• _To do_: What are the lines, written out exactly, from the one containing "0 \<bullet> (?Ac" to the end of the entries below? Include both ends and nothing more.

▶

lemma eigenvector_pow_mat_coeff:
  fixes A :: "'a::field mat"
  assumes A: "A \<in> carrier_mat n n" and w: "eigenvector A w \<nu>" "A ^\<^sub>m h *\<^sub>v w = \<mu> \<cdot>\<^sub>v w"
  shows "\<nu> ^ h = \<mu>"
  using smult_vec_cancel[of w n] eigenvector_pow[OF A w(1), of h] w A
  unfolding eigenvector_def by auto

lemma geom_sum_mat_injective_on_pow_eigenspace:
  fixes A :: "complex mat"
  assumes A: "A \<in> carrier_mat n n" and h: "0 < h"
    and inj: "inj_on (\<lambda>a. a ^ h) {a. eigenvalue A a}"
    and \<alpha>: "eigenvalue A \<alpha>" "\<alpha> \<noteq> 0"
    and u: "u \<in> carrier_vec n" "A ^\<^sub>m h *\<^sub>v u = \<alpha> ^ h \<cdot>\<^sub>v u" "geom_sum_mat A \<alpha> h *\<^sub>v u = 0 \<cdot>\<^sub>v u"
  shows "u = 0\<^sub>v n"
proof (rule ccontr)
  assume "u \<noteq> 0\<^sub>v n"
  \<comment> \<open>on this invariant set every eigenvalue \<open>\<nu>\<close> of \<open>A\<close> has \<open>\<nu>^h = \<alpha>^h\<close>, hence \<open>\<nu> = \<alpha>\<close>,
     and there \<open>geom_sum_mat A \<alpha> h\<close> acts as \<open>h \<alpha>^(h-1) \<noteq> 0\<close>\<close>
  define S where "S = {w \<in> carrier_vec n. A ^\<^sub>m h *\<^sub>v w = \<alpha> ^ h \<cdot>\<^sub>v w \<and> geom_sum_mat A \<alpha> h *\<^sub>v w = 0 \<cdot>\<^sub>v w}"
  have "A *\<^sub>v w - \<nu> \<cdot>\<^sub>v w \<in> S" if "w \<in> S" for w \<nu>
    using commute_mat_eigenspace_shift[OF A pow_carrier_mat[OF A] pow_mat_commute[OF A]]
      commute_mat_eigenspace_shift[OF A geom_sum_mat_carrier[OF A] geom_sum_mat_commute[OF A]] that A
    unfolding S_def by auto
  then obtain w \<nu> where w: "w \<in> S" "eigenvector A w \<nu>"
    using invariant_set_contains_eigenvector[OF A _ _ u(1) \<open>u \<noteq> 0\<^sub>v n\<close>, of S] u unfolding S_def by blast
  then have "\<nu> ^ h = \<alpha> ^ h" "eigenvalue A \<nu>"
    using eigenvector_pow_mat_coeff[OF A] unfolding S_def eigenvalue_def by auto
  then have "\<nu> = \<alpha>" using inj \<alpha>(1) by (auto dest: inj_onD)
  then have "(of_nat h * \<alpha> ^ (h - 1)) \<cdot>\<^sub>v w = 0 \<cdot>\<^sub>v w"
    using w geom_sum_mat_eigenvector[OF A] unfolding S_def by auto
  then have "of_nat h * \<alpha> ^ (h - 1) = (0::complex)"
    using w(2) A unfolding eigenvector_def by (intro smult_vec_cancel[of w n]) auto
  then show False using h \<alpha>(2) by simp
qed

lemma eigenvector_of_pow_mat:
  fixes A :: "complex mat"
  assumes A: "A \<in> carrier_mat n n" and h: "0 < h" and nonsingular: "\<not> eigenvalue A 0"
    and inj: "inj_on (\<lambda>a. a ^ h) {a. eigenvalue A a}"
    and v: "eigenvector (A ^\<^sub>m h) v \<mu>"
  obtains \<alpha> where "eigenvector A v \<alpha>"
proof -
  have vc: "v \<in> carrier_vec n" "v \<noteq> 0\<^sub>v n" and Bv: "A ^\<^sub>m h *\<^sub>v v = \<mu> \<cdot>\<^sub>v v"
    using v A unfolding eigenvector_def by auto
  define S where "S = {w \<in> carrier_vec n. A ^\<^sub>m h *\<^sub>v w = \<mu> \<cdot>\<^sub>v w}"
  have S_closed: "A *\<^sub>v w - \<nu> \<cdot>\<^sub>v w \<in> S" if "w \<in> S" for w \<nu>
    using commute_mat_eigenspace_shift[OF A pow_carrier_mat[OF A] pow_mat_commute[OF A]] that A
    unfolding S_def by auto
  obtain w \<alpha> where "w \<in> S" "eigenvector A w \<alpha>"
    using invariant_set_contains_eigenvector[OF A, of S] S_closed vc Bv unfolding S_def by blast
  then have \<alpha>: "\<alpha> ^ h = \<mu>" "eigenvalue A \<alpha>" "\<alpha> \<noteq> 0"
    using eigenvector_pow_mat_coeff[OF A] nonsingular unfolding S_def eigenvalue_def by auto
  define u where "u = A *\<^sub>v v - \<alpha> \<cdot>\<^sub>v v"
  have "u \<in> S" unfolding u_def using S_closed[of v \<alpha>] vc Bv unfolding S_def by auto
  moreover have "geom_sum_mat A \<alpha> h *\<^sub>v u = 0 \<cdot>\<^sub>v u"
    unfolding u_def geom_sum_mat_mult_shift[OF A vc(1)] \<alpha>(1) Bv using vc A by (intro eq_vecI) auto
  ultimately have "u = 0\<^sub>v n"
    using geom_sum_mat_injective_on_pow_eigenspace[OF A h inj \<alpha>(2,3)] \<alpha>(1) unfolding S_def by blast
  then have "eigenvector A v \<alpha>"
    using minus_vec_eq_0_iff[of "A *\<^sub>v v" n] A vc unfolding u_def eigenvector_def by auto
  then show ?thesis using that by blast
qed

lemma sample_obs_matrix_mult_vec:
  fixes A C :: "real mat"
  assumes A: "A \<in> carrier_mat n n" and C: "C \<in> carrier_mat 1 n"
    and x: "x \<in> carrier_vec n" and i: "i < length ts"
  shows "(map_mat complex_of_real (sample_obs_matrix A C ts) *\<^sub>v x) $ i
    = row (map_mat complex_of_real C) 0 \<bullet> (map_mat complex_of_real A ^\<^sub>m (ts ! i) *\<^sub>v x)"
proof -
  let ?Ac = "map_mat complex_of_real A" and ?Cc = "map_mat complex_of_real C" and ?t = "ts ! i"
  have hom: "map_mat complex_of_real (C * A ^\<^sub>m ?t) = ?Cc * ?Ac ^\<^sub>m ?t"
    unfolding of_real_hom.mat_hom_mult[OF C pow_carrier_mat[OF A]] of_real_hom.mat_hom_pow[OF A] ..
  have "row (map_mat complex_of_real (sample_obs_matrix A C ts)) i = row (?Cc * ?Ac ^\<^sub>m ?t) 0"
  proof (rule eq_vecI)
    fix j assume "j < dim_vec (row (?Cc * ?Ac ^\<^sub>m ?t) 0)"
    then have "j < n" using A C by (simp split: if_splits)
    then show "row (map_mat complex_of_real (sample_obs_matrix A C ts)) i $ j
        = row (?Cc * ?Ac ^\<^sub>m ?t) 0 $ j"
      unfolding hom[symmetric] using A C i
      by (simp add: sample_obs_matrix_def mat_of_rows_index del: of_real_hom.mat_hom_mult)
  qed (use A C i in \<open>simp add: sample_obs_matrix_def\<close>)
  then have "(map_mat complex_of_real (sample_obs_matrix A C ts) *\<^sub>v x) $ i
      = ((?Cc * ?Ac ^\<^sub>m ?t) *\<^sub>v x) $ 0"
    using A C i by (simp add: sample_obs_matrix_def)
  also have "\<dots> = row ?Cc 0 \<bullet> (?Ac ^\<^sub>m ?t *\<^sub>v x)"
    using A C x by (simp add: assoc_mult_mat_vec[of _ 1 n _ n])
  finally show ?thesis .
qed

◀

• _Written reply_:
  also have "\<dots> = row ?Cc 0 \<bullet> (?Ac ^\<^sub>m ?t *\<^sub>v x)"
    using A C x by (simp add: assoc_mult_mat_vec[of _ 1 n _ n])
  finally show ?thesis .
qed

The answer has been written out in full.